#### [REQUIRED WORK]
Throughout the records below, find the lines with the string "shows" and give how many there are, nothing else.

[Saved entries]
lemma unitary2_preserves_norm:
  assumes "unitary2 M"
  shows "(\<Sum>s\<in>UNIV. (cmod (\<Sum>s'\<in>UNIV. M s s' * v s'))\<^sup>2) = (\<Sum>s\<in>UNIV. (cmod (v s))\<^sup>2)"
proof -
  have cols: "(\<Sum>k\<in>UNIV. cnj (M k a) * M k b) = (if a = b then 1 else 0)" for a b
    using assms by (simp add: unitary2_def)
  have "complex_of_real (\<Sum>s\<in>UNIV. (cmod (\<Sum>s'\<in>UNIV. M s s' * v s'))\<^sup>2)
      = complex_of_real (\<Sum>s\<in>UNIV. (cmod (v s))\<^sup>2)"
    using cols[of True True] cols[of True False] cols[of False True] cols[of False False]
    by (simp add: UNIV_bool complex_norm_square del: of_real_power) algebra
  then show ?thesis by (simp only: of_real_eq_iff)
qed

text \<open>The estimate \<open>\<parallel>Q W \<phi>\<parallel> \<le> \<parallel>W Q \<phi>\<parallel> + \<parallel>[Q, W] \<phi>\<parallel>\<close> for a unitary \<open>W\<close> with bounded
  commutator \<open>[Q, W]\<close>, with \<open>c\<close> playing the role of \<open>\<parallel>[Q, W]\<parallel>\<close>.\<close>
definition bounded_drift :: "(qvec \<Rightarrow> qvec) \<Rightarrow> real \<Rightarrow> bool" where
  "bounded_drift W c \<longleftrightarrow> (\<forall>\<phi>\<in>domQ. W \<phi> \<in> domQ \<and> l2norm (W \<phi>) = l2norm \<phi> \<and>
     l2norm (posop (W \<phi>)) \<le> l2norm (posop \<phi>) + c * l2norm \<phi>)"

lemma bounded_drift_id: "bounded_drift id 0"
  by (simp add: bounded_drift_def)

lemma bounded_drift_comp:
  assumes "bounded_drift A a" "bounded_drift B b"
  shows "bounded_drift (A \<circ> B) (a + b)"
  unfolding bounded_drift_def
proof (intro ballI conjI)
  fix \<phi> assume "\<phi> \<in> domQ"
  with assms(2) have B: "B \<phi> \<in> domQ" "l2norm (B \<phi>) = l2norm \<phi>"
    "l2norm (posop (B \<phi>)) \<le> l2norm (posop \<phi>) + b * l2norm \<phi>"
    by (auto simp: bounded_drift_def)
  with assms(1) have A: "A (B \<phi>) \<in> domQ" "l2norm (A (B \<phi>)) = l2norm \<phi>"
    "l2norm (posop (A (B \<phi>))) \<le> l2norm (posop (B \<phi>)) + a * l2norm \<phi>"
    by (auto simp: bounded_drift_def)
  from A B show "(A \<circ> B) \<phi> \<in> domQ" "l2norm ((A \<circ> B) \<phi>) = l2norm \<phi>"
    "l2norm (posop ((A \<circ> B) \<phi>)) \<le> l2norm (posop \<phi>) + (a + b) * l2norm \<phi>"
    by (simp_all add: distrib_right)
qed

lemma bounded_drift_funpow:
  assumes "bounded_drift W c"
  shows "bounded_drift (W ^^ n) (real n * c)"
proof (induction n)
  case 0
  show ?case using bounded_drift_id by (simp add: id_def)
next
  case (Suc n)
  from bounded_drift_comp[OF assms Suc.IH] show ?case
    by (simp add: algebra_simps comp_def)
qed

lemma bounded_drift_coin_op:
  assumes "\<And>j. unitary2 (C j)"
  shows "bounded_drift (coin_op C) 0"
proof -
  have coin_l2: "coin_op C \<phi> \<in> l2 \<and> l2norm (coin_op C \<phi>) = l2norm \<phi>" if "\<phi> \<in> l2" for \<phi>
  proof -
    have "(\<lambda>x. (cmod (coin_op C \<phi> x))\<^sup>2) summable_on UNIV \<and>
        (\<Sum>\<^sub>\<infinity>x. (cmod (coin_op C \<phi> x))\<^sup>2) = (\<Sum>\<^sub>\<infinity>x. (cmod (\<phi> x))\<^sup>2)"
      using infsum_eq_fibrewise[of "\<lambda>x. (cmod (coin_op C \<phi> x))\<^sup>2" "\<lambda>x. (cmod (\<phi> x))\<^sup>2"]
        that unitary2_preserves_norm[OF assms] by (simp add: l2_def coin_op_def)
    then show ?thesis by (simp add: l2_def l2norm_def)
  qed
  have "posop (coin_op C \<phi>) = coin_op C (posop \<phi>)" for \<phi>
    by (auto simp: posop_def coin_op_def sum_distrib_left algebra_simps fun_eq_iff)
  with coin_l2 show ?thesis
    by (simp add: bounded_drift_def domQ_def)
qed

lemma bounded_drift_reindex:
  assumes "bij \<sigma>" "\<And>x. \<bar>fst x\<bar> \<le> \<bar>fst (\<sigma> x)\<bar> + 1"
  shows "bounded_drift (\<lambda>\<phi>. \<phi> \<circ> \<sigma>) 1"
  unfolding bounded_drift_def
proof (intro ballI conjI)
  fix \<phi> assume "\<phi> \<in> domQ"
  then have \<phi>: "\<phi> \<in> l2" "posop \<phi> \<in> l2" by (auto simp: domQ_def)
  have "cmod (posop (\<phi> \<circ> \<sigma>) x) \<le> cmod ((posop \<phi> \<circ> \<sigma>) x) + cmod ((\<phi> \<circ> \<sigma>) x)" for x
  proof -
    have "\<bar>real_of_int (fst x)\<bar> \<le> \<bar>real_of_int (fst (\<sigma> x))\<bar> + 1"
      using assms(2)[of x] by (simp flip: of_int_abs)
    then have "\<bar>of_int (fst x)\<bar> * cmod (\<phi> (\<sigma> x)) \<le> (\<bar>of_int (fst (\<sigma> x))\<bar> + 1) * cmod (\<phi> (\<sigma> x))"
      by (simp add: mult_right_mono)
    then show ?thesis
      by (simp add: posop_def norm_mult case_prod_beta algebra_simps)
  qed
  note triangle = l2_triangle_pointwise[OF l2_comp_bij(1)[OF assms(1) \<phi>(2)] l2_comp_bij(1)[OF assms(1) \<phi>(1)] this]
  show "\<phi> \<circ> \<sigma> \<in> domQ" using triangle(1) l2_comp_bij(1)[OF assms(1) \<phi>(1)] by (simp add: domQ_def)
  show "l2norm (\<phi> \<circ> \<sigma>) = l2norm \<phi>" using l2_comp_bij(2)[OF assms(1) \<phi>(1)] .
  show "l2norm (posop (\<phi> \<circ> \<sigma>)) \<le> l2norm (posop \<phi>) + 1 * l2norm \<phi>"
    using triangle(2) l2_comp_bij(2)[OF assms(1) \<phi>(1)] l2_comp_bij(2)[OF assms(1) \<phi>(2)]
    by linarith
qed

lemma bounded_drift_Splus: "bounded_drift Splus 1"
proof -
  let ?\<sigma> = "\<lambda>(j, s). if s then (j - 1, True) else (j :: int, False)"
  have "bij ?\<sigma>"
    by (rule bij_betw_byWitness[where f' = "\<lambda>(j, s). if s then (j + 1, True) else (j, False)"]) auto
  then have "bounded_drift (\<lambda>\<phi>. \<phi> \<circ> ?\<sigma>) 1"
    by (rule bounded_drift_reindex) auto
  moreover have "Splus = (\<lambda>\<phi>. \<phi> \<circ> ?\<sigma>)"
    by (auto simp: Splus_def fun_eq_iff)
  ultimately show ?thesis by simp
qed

#### [YOUR SOLUTION]
5